= DATA TO PROCESS =
>>

lemma mult_closed_pos_powers:
  assumes "a \<in> carrier G"
  shows "mult_closed (\<otimes>) {a [^] n | n::nat. n \<ge> 1}"
  unfolding mult_closed_def
proof (intro ballI)
  fix x y assume "x \<in> {a [^] n | n::nat. n \<ge> 1}" "y \<in> {a [^] n | n::nat. n \<ge> 1}"
  then obtain m n :: nat where "m \<ge> 1" "n \<ge> 1" "x = a [^] m" "y = a [^] n" by blast
  then have "x \<otimes> y = a [^] (m + n)" "m + n \<ge> 1" using nat_pow_mult[OF assms] by auto
  then show "x \<otimes> y \<in> {a [^] n | n::nat. n \<ge> 1}" by blast
qed

lemma idempotent_nat_pow:
  assumes "e \<in> carrier G" "e \<otimes> e = e" "n \<ge> 1"
  shows "e [^] (n::nat) = e"
  using assms(3)
proof (induction n rule: dec_induct)
  case (step n)
  then show ?case using assms(2) by simp
qed (use assms(1) in simp)

lemma group_update_if_left_identity_inverses:
  assumes "T \<subseteq> carrier G" "mult_closed (\<otimes>) T" "e \<in> T"
    and "\<forall>x\<in>T. e \<otimes> x = x" "\<forall>x\<in>T. \<exists>y\<in>T. y \<otimes> x = e"
  shows "group (G\<lparr>carrier := T, one := e\<rparr>)"
  by (rule groupI) (use assms in \<open>auto simp: mult_closed_def m_assoc subset_iff\<close>)

lemma group_update_if_is_group:
  assumes "finite (carrier G)" "T \<subseteq> carrier G" "mult_closed (\<otimes>) T"
    and "finite_semigroup_on.is_group T (\<otimes>)"
  shows "\<exists>e. group (G\<lparr>carrier := T, one := e\<rparr>)"
proof -
  interpret T: finite_semigroup_on T "(\<otimes>)"
    by (rule finite_semigroup_on_subset[OF assms(1-3)])
  obtain e where "e \<in> T" "\<forall>x\<in>T. e \<otimes> x = x" "\<forall>x\<in>T. \<exists>y\<in>T. y \<otimes> x = e"
    using assms(4) unfolding T.is_group_def by blast
  then show ?thesis using group_update_if_left_identity_inverses[OF assms(2,3)] by blast
qed

lemma group_update_if_monogenic_with_identity:
  assumes a: "a \<in> carrier G" and T: "T = {a [^] n | n::nat. n \<ge> 1}"
    and e: "e \<in> T" "\<forall>x\<in>T. e \<otimes> x = x \<and> x \<otimes> e = x"
  shows "group (G\<lparr>carrier := T, one := e\<rparr>)"
proof (rule group_update_if_left_identity_inverses)
  show "T \<subseteq> carrier G" using a T by auto
  show "mult_closed (\<otimes>) T" using mult_closed_pos_powers[OF a] T by simp
  show "e \<in> T" "\<forall>x\<in>T. e \<otimes> x = x" using e by auto
  show "\<forall>x\<in>T. \<exists>y\<in>T. y \<otimes> x = e"
  proof
    fix x assume "x \<in> T"
    then obtain n :: nat where n: "x = a [^] n" using T by blast
    obtain k :: nat where k: "k \<ge> 1" "e = a [^] k" using e(1) T by blast
    define m where "m = k * (n + 1) - n"
    have m: "m \<ge> 1" "m + n = k * (n + 1)"
      using mult_le_mono1[OF k(1), of "n + 1"] unfolding m_def by simp_all
    have "a [^] m \<otimes> x = (a [^] k) [^] (n + 1)"
      using n m(2) nat_pow_mult[OF a] nat_pow_pow[OF a] by (simp add: ac_simps)
    also have "\<dots> = e"
      using idempotent_nat_pow[of e "n + 1"] e a k(2) by simp
    finally show "\<exists>y\<in>T. y \<otimes> x = e" using m(1) T by blast
  qed
qed
lemma exp_quotient_laurent_bigo:
  fixes a l :: complex
  assumes "l \<noteq> 0"
  shows "(\<lambda>s. exp (a * s) / (1 - exp (l * s)) -
      (- 1 / (l * s) + (1/2 - a / l) + (- l / 12 + a / 2 - a^2 / (2 * l)) * s)) \<in> O[at 0](\<lambda>s. s ^ 2)"
proof -
  define Q where "Q s = - 1 / l + (1/2 - a / l) * s + (- l / 12 + a / 2 - a^2 / (2 * l)) * s^2" for s
  define N where "N s = s * exp (a * s) - (1 - exp (l * s)) * Q s" for s
  define D where "D s = (1 - exp (l * s)) / s" for s
  have "((\<lambda>s. 1 - exp (l * s)) has_field_derivative - l) (at 0)"
    by (auto intro!: derivative_eq_intros)
  hence D_lim: "(D \<longlongrightarrow> - l) (at 0)"
    by (simp add: has_field_derivative_iff D_def[abs_def])
  hence "(\<lambda>s. inverse (D s)) \<in> O[at 0](\<lambda>_. 1)"
    using assms by (intro bigoI_tendsto[where c = "- inverse l"]) (auto intro!: tendsto_eq_intros)
  hence "(\<lambda>s. N s * inverse (D s)) \<in> O[at 0](\<lambda>s. s ^ 4)"
    using exp_quotient_numerator_bigo[OF assms, of a] unfolding N_def Q_def[abs_def]
    by (intro landau_o.big_1_mult)
  hence "(\<lambda>s. inverse (s ^ 2) * (N s * inverse (D s))) \<in> O[at 0](\<lambda>s. inverse (s ^ 2) * s ^ 4)"
    by (rule landau_o.big.mult_left)
  also have "(\<lambda>s. inverse (s ^ 2) * s ^ 4) \<in> \<Theta>[at 0](\<lambda>s. s ^ 2)"
    by (intro bigthetaI_cong) (auto simp: eventually_at_filter eval_nat_numeral field_simps)
  finally show ?thesis
  proof (rule landau_o.big.in_cong[THEN iffD1, rotated])
    have "\<forall>\<^sub>F s in at 0. D s \<noteq> 0"
      using tendsto_imp_eventually_ne[OF D_lim] assms by simp
    moreover have "\<forall>\<^sub>F s in at (0::complex). s \<noteq> 0"
      by (simp add: eventually_at_filter)
    ultimately show "\<forall>\<^sub>F s in at 0. inverse (s ^ 2) * (N s * inverse (D s)) =
        exp (a * s) / (1 - exp (l * s)) -
        (- 1 / (l * s) + (1/2 - a / l) + (- l / 12 + a / 2 - a^2 / (2 * l)) * s)"
      by eventually_elim (use assms in \<open>simp add: N_def D_def Q_def field_simps eval_nat_numeral\<close>)
  qed
qed

locale q_hurwitz =
  fixes q :: real and z :: complex
  assumes q_pos: "0 < q" and q_less_1: "q < 1" and Re_z_pos: "0 < Re z"
begin

lemma ln_q_neg: "ln q < 0"
  using q_pos q_less_1 by simp

definition qpow :: "complex \<Rightarrow> complex" where
  "qpow w = exp (w * of_real (ln q))"

lemma norm_qpow: "norm (qpow w) = exp (Re w * ln q)"
  by (simp add: qpow_def norm_exp_eq_Re)

lemma qpow_add: "qpow (v + w) = qpow v * qpow w"
  by (simp add: qpow_def distrib_right exp_add)

lemma qpow_of_nat_mult: "qpow (of_nat n * w) = qpow w ^ n"
  by (simp add: qpow_def exp_of_nat_mult[symmetric] mult.assoc)

lemma qpow_of_nat: "qpow (of_nat n) = of_real (q ^ n)"
proof -
  have "qpow 1 = of_real q"
    using q_pos by (simp add: qpow_def exp_of_real)
  thus ?thesis
    using qpow_of_nat_mult[of n 1] by simp
qed

lemma norm_qpow_le: "c \<le> Re w \<Longrightarrow> norm (qpow w) \<le> exp (c * ln q)"
  using ln_q_neg by (simp add: norm_qpow mult_right_mono_neg)

lemma norm_qpow_less_1: "0 < Re w \<Longrightarrow> norm (qpow w) < 1"
  using ln_q_neg by (simp add: norm_qpow mult_pos_neg)

lemma holomorphic_qpow [holomorphic_intros]:
  "f holomorphic_on A \<Longrightarrow> (\<lambda>s. qpow (f s)) holomorphic_on A"
  unfolding qpow_def by (intro holomorphic_intros)

definition qperiod :: complex where
  "qperiod = 2 * pi * \<i> / of_real (ln q)"

lemma Re_qperiod [simp]: "Re qperiod = 0"
  by (simp add: qperiod_def)

lemma qpow_eq_1_iff: "qpow w = 1 \<longleftrightarrow> (\<exists>l::int. w = qperiod * of_int l)"
proof -
  have "qpow w = 1 \<longleftrightarrow> (\<exists>l::int. w * of_real (ln q) = of_real (2 * pi * of_int l) * \<i>)"
    using exp_eq[of "w * of_real (ln q)" 0] by (simp add: qpow_def mult_ac)
  also have "\<dots> \<longleftrightarrow> (\<exists>l::int. w = qperiod * of_int l)"
    using ln_q_neg by (simp add: qperiod_def field_simps)
  finally show ?thesis .
qed

definition qhz_poles :: "complex set" where
  "qhz_poles = {s. \<exists>r::nat. \<exists>l::int. s = - of_nat r + qperiod * of_int l}"

lemma qpow_shift_eq_1_iff:
  "qpow (s + of_nat m) = 1 \<longleftrightarrow> (\<exists>l::int. s = - of_nat m + qperiod * of_int l)"
  unfolding qpow_eq_1_iff by (metis add_diff_cancel_right' diff_conv_add_uminus add.commute)

lemma qpow_shift_eq_1_imp_Re: "qpow (s + of_nat m) = 1 \<Longrightarrow> Re s = - real m"
  by (auto simp: qpow_shift_eq_1_iff)

lemma qpow_shift_ne_1: "s \<notin> qhz_poles \<Longrightarrow> qpow (s + of_nat m) \<noteq> 1"
  unfolding qhz_poles_def qpow_shift_eq_1_iff by blast

lemma uniform_discrete_qhz_poles: "uniform_discrete qhz_poles"
proof -
  have "norm qperiod > 0"
    using ln_q_neg by (simp add: qperiod_def)
  have "p1 = p2"
    if poles: "p1 \<in> qhz_poles" "p2 \<in> qhz_poles" and close: "dist p1 p2 < min 1 (norm qperiod)" for p1 p2
  proof -
    obtain r1 l1 r2 l2
      where p: "p1 = - of_nat r1 + qperiod * of_int l1" "p2 = - of_nat r2 + qperiod * of_int l2"
      using poles unfolding qhz_poles_def by blast
    have "\<bar>Re (p1 - p2)\<bar> < 1"
      using abs_Re_le_cmod[of "p1 - p2"] close by (simp add: dist_norm)
    hence "r1 = r2"
      by (simp add: p)
    hence "p1 - p2 = qperiod * of_int (l1 - l2)"
      by (simp add: p algebra_simps)
    hence "norm qperiod * \<bar>of_int (l1 - l2)\<bar> < norm qperiod * 1"
      using close by (simp add: dist_norm norm_mult del: of_int_diff)
    hence "l1 = l2"
      using \<open>norm qperiod > 0\<close> by simp
    with \<open>r1 = r2\<close> show ?thesis
      by (simp add: p)
  qed
  thus ?thesis
    using \<open>norm qperiod > 0\<close> unfolding uniform_discrete_def
    by (intro exI[of _ "min 1 (norm qperiod)"]) auto
qed

lemma closed_qhz_poles_Diff: "closed (qhz_poles - A)"
  by (rule uniform_discrete_imp_closed[OF uniform_discrete_subset[OF uniform_discrete_qhz_poles]]) auto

<<

= WHAT TO PRODUCE =
Exactly as they stand in the records above, print the lines from the one containing "by (intro exI[of" through the final line, inclusive.

= OUTPUT OF THE EXERCISE =
    by (intro exI[of _ "min 1 (norm qperiod)"]) auto
qed

lemma closed_qhz_poles_Diff: "closed (qhz_poles - A)"
  by (rule uniform_discrete_imp_closed[OF uniform_discrete_subset[OF uniform_discrete_qhz_poles]]) auto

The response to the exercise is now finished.